**WHAT YOU SHOULD DO**
Write every record out again exactly as given.

**DATASET RECORDS**
lemma block_sum:
  fixes f :: "nat \<Rightarrow> real"
  assumes "\<forall>j<n. mm j \<le> M"
  shows "(\<Sum>i<n * M. if i mod M < mm (i div M) then f (i div M) else 0) = (\<Sum>j<n. real (mm j) * f j)"
proof (cases "M = 0")
  case True
  then show ?thesis using assms by simp
next
  case False
  let ?F = "\<lambda>i. if i mod M < mm (i div M) then f (i div M) else 0"
  have "(\<Sum>i<n * M. ?F i) = (\<Sum>j<n. \<Sum>i\<in>{j * M..<j * M + M}. ?F i)"
    by (rule sum.nat_group[symmetric])
  also have "\<dots> = (\<Sum>j<n. \<Sum>r<M. ?F (r + j * M))"
  proof (rule sum.cong[OF refl])
    fix j
    show "(\<Sum>i\<in>{j * M..<j * M + M}. ?F i) = (\<Sum>r<M. ?F (r + j * M))"
      using sum.shift_bounds_nat_ivl[of ?F 0 "j * M" M] by (simp add: atLeast0LessThan add.commute)
  qed
  also have "\<dots> = (\<Sum>j<n. \<Sum>r<M. if r < mm j then f j else 0)"
    using False by (intro sum.cong refl) simp
  also have "\<dots> = (\<Sum>j<n. real (mm j) * f j)"
  proof (rule sum.cong[OF refl])
    fix j assume "j \<in> {..<n}"
    then have "(\<Sum>r<M. if r < mm j then f j else 0) = (\<Sum>r<mm j. f j)"
      using assms by (intro sum.mono_neutral_cong_right) auto
    then show "(\<Sum>r<M. if r < mm j then f j else 0) = real (mm j) * f j" by simp
  qed
  finally show ?thesis .
qed

text \<open>Giving the value j + 1 (after the shift) to mm j rows of each block j, shifted_psum becomes
  an affine function of the multiplicities mm with Vandermonde linear part.\<close>

lemma shifted_psum_blocks:
  assumes "\<forall>j<n. mm j \<le> M"
  shows "shifted_psum \<theta> (n * M) k
      (\<lambda>i. \<theta> * real (Suc i) + (if i mod M < mm (i div M) then real (Suc (i div M)) else 0))
    = (\<Sum>j<n. real (mm j) * real (Suc j) ^ (k + 1)) - (\<Sum>i<n * M. (- \<theta> * real (Suc i)) ^ (k + 1))"
proof -
  have "(\<theta> * real (Suc i) + (if i mod M < mm (i div M) then real (Suc (i div M)) else 0)
      - \<theta> * real (Suc i)) ^ (k + 1)
    = (if i mod M < mm (i div M) then real (Suc (i div M)) ^ (k + 1) else 0)" for i
    by (cases "i mod M < mm (i div M)") simp_all
  note shift = this
  show ?thesis
    unfolding shifted_psum_def sum_subtractf shift block_sum[OF assms, of "\<lambda>j. real (Suc j) ^ (k + 1)"] ..
qed

text \<open>By step 1 and the block configurations
  above, P composed with the affine map h vanishes at every integer point mm of a box, hence
  everywhere; since h is onto (Vandermonde), P = 0.\<close>

theorem pstar_alg_indep:
  assumes rel: "\<forall>xs\<in>YY. eval_poly (\<lambda>k. pstar \<theta> (k + 1)) P xs = 0"
  shows "P = 0"
proof -
  obtain n where n: "\<forall>k\<in>vars P. k < n" using vars_bounded by blast
  obtain d where d: "\<forall>a\<in>Poly_Mapping.keys P. wdeg (\<lambda>_. 1) a \<le> d"
    using wdeg_bounded by blast
  define c where "c k = (\<Sum>i<n * d. (- \<theta> * real (Suc i)) ^ (k + 1))" for k
  define h where "h k mm = (\<Sum>j<n. mm j * real (Suc j) ^ (k + 1)) - c k" for k and mm :: "nat \<Rightarrow> real"
  have vanish: "eval_poly h P mm = 0" for mm
  proof (rule grid_vanishing[where G="eval_poly h P" and c="\<lambda>_. 0" and D=d and N=n])
    show "coord_poly (eval_poly h P) d"
      by (rule coord_poly_eval_poly) (use coord_poly_affine d in \<open>auto simp: h_def[abs_def]\<close>)
  next
    fix mm :: "nat \<Rightarrow> nat" assume "\<forall>i<n. 0 \<le> mm i \<and> mm i \<le> 0 + d"
    then have mm: "\<forall>j<n. mm j \<le> d" by simp
    define x where "x = (\<lambda>i. \<theta> * real (Suc i)
      + (if i mod d < mm (i div d) then real (Suc (i div d)) else 0))"
    have "shifted_psum \<theta> (n * d) k x = h k (\<lambda>i. real (mm i))" for k
      unfolding x_def h_def c_def by (rule shifted_psum_blocks[OF mm])
    then have "eval_poly h P (\<lambda>i. real (mm i)) = eval_poly (shifted_psum \<theta> (n * d)) P x"
      by (intro eval_poly_cong_vars) simp
    also have "\<dots> = 0" by (rule pstar_relation_extends[OF rel])
    finally show "eval_poly h P (\<lambda>i. real (mm i)) = 0" .
  next
    fix x x' :: "nat \<Rightarrow> real" assume "\<forall>i<n. x i = x' i"
    then show "eval_poly h P x = eval_poly h P x'"
      by (intro eval_poly_cong_vars) (simp add: h_def)
  qed
  show ?thesis
  proof (rule zero_by_onto_substitution[OF vanish])
    fix y
    have "inj_on (\<lambda>j. real (Suc j)) {..<n}" by (simp add: inj_on_def)
    then obtain u where u: "\<forall>k<n. (\<Sum>j<n. u j * real (Suc j) ^ k) = y k + c k"
      using vandermonde_solvable[of "\<lambda>j. real (Suc j)" n "\<lambda>k. y k + c k"] by blast
    have "h k (\<lambda>j. u j / real (Suc j)) = y k" if "k < n" for k
      using u that by (simp add: h_def)
    then show "\<exists>z. \<forall>k\<in>vars P. h k z = y k" using n by blast
  qed
qed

**SOLUTION TO THE PROBLEM**
lemma block_sum:
  fixes f :: "nat \<Rightarrow> real"
  assumes "\<forall>j<n. mm j \<le> M"
  shows "(\<Sum>i<n * M. if i mod M < mm (i div M) then f (i div M) else 0) = (\<Sum>j<n. real (mm j) * f j)"
proof (cases "M = 0")
  case True
  then show ?thesis using assms by simp
next
  case False
  let ?F = "\<lambda>i. if i mod M < mm (i div M) then f (i div M) else 0"
  have "(\<Sum>i<n * M. ?F i) = (\<Sum>j<n. \<Sum>i\<in>{j * M..<j * M + M}. ?F i)"
    by (rule sum.nat_group[symmetric])
  also have "\<dots> = (\<Sum>j<n. \<Sum>r<M. ?F (r + j * M))"
  proof (rule sum.cong[OF refl])
    fix j
    show "(\<Sum>i\<in>{j * M..<j * M + M}. ?F i) = (\<Sum>r<M. ?F (r + j * M))"
      using sum.shift_bounds_nat_ivl[of ?F 0 "j * M" M] by (simp add: atLeast0LessThan add.commute)
  qed
  also have "\<dots> = (\<Sum>j<n. \<Sum>r<M. if r < mm j then f j else 0)"
    using False by (intro sum.cong refl) simp
  also have "\<dots> = (\<Sum>j<n. real (mm j) * f j)"
  proof (rule sum.cong[OF refl])
    fix j assume "j \<in> {..<n}"
    then have "(\<Sum>r<M. if r < mm j then f j else 0) = (\<Sum>r<mm j. f j)"
      using assms by (intro sum.mono_neutral_cong_right) auto
    then show "(\<Sum>r<M. if r < mm j then f j else 0) = real (mm j) * f j" by simp
  qed
  finally show ?thesis .
qed

text \<open>Giving the value j + 1 (after the shift) to mm j rows of each block j, shifted_psum becomes
  an affine function of the multiplicities mm with Vandermonde linear part.\<close>

lemma shifted_psum_blocks:
  assumes "\<forall>j<n. mm j \<le> M"
  shows "shifted_psum \<theta> (n * M) k
      (\<lambda>i. \<theta> * real (Suc i) + (if i mod M < mm (i div M) then real (Suc (i div M)) else 0))
    = (\<Sum>j<n. real (mm j) * real (Suc j) ^ (k + 1)) - (\<Sum>i<n * M. (- \<theta> * real (Suc i)) ^ (k + 1))"
proof -
  have "(\<theta> * real (Suc i) + (if i mod M < mm (i div M) then real (Suc (i div M)) else 0)
      - \<theta> * real (Suc i)) ^ (k + 1)
    = (if i mod M < mm (i div M) then real (Suc (i div M)) ^ (k + 1) else 0)" for i
    by (cases "i mod M < mm (i div M)") simp_all
  note shift = this
  show ?thesis
    unfolding shifted_psum_def sum_subtractf shift block_sum[OF assms, of "\<lambda>j. real (Suc j) ^ (k + 1)"] ..
qed

text \<open>By step 1 and the block configurations
  above, P composed with the affine map h vanishes at every integer point mm of a box, hence
  everywhere; since h is onto (Vandermonde), P = 0.\<close>

theorem pstar_alg_indep:
  assumes rel: "\<forall>xs\<in>YY. eval_poly (\<lambda>k. pstar \<theta> (k + 1)) P xs = 0"
  shows "P = 0"
proof -
  obtain n where n: "\<forall>k\<in>vars P. k < n" using vars_bounded by blast
  obtain d where d: "\<forall>a\<in>Poly_Mapping.keys P. wdeg (\<lambda>_. 1) a \<le> d"
    using wdeg_bounded by blast
  define c where "c k = (\<Sum>i<n * d. (- \<theta> * real (Suc i)) ^ (k + 1))" for k
  define h where "h k mm = (\<Sum>j<n. mm j * real (Suc j) ^ (k + 1)) - c k" for k and mm :: "nat \<Rightarrow> real"
  have vanish: "eval_poly h P mm = 0" for mm
  proof (rule grid_vanishing[where G="eval_poly h P" and c="\<lambda>_. 0" and D=d and N=n])
    show "coord_poly (eval_poly h P) d"
      by (rule coord_poly_eval_poly) (use coord_poly_affine d in \<open>auto simp: h_def[abs_def]\<close>)
  next
    fix mm :: "nat \<Rightarrow> nat" assume "\<forall>i<n. 0 \<le> mm i \<and> mm i \<le> 0 + d"
    then have mm: "\<forall>j<n. mm j \<le> d" by simp
    define x where "x = (\<lambda>i. \<theta> * real (Suc i)
      + (if i mod d < mm (i div d) then real (Suc (i div d)) else 0))"
    have "shifted_psum \<theta> (n * d) k x = h k (\<lambda>i. real (mm i))" for k
      unfolding x_def h_def c_def by (rule shifted_psum_blocks[OF mm])
    then have "eval_poly h P (\<lambda>i. real (mm i)) = eval_poly (shifted_psum \<theta> (n * d)) P x"
      by (intro eval_poly_cong_vars) simp
    also have "\<dots> = 0" by (rule pstar_relation_extends[OF rel])
    finally show "eval_poly h P (\<lambda>i. real (mm i)) = 0" .
  next
    fix x x' :: "nat \<Rightarrow> real" assume "\<forall>i<n. x i = x' i"
    then show "eval_poly h P x = eval_poly h P x'"
      by (intro eval_poly_cong_vars) (simp add: h_def)
  qed
  show ?thesis
  proof (rule zero_by_onto_substitution[OF vanish])
    fix y
    have "inj_on (\<lambda>j. real (Suc j)) {..<n}" by (simp add: inj_on_def)
    then obtain u where u: "\<forall>k<n. (\<Sum>j<n. u j * real (Suc j) ^ k) = y k + c k"
      using vandermonde_solvable[of "\<lambda>j. real (Suc j)" n "\<lambda>k. y k + c k"] by blast
    have "h k (\<lambda>j. u j / real (Suc j)) = y k" if "k < n" for k
      using u that by (simp add: h_def)
    then show "\<exists>z. \<forall>k\<in>vars P. h k z = y k" using n by blast
  qed
qed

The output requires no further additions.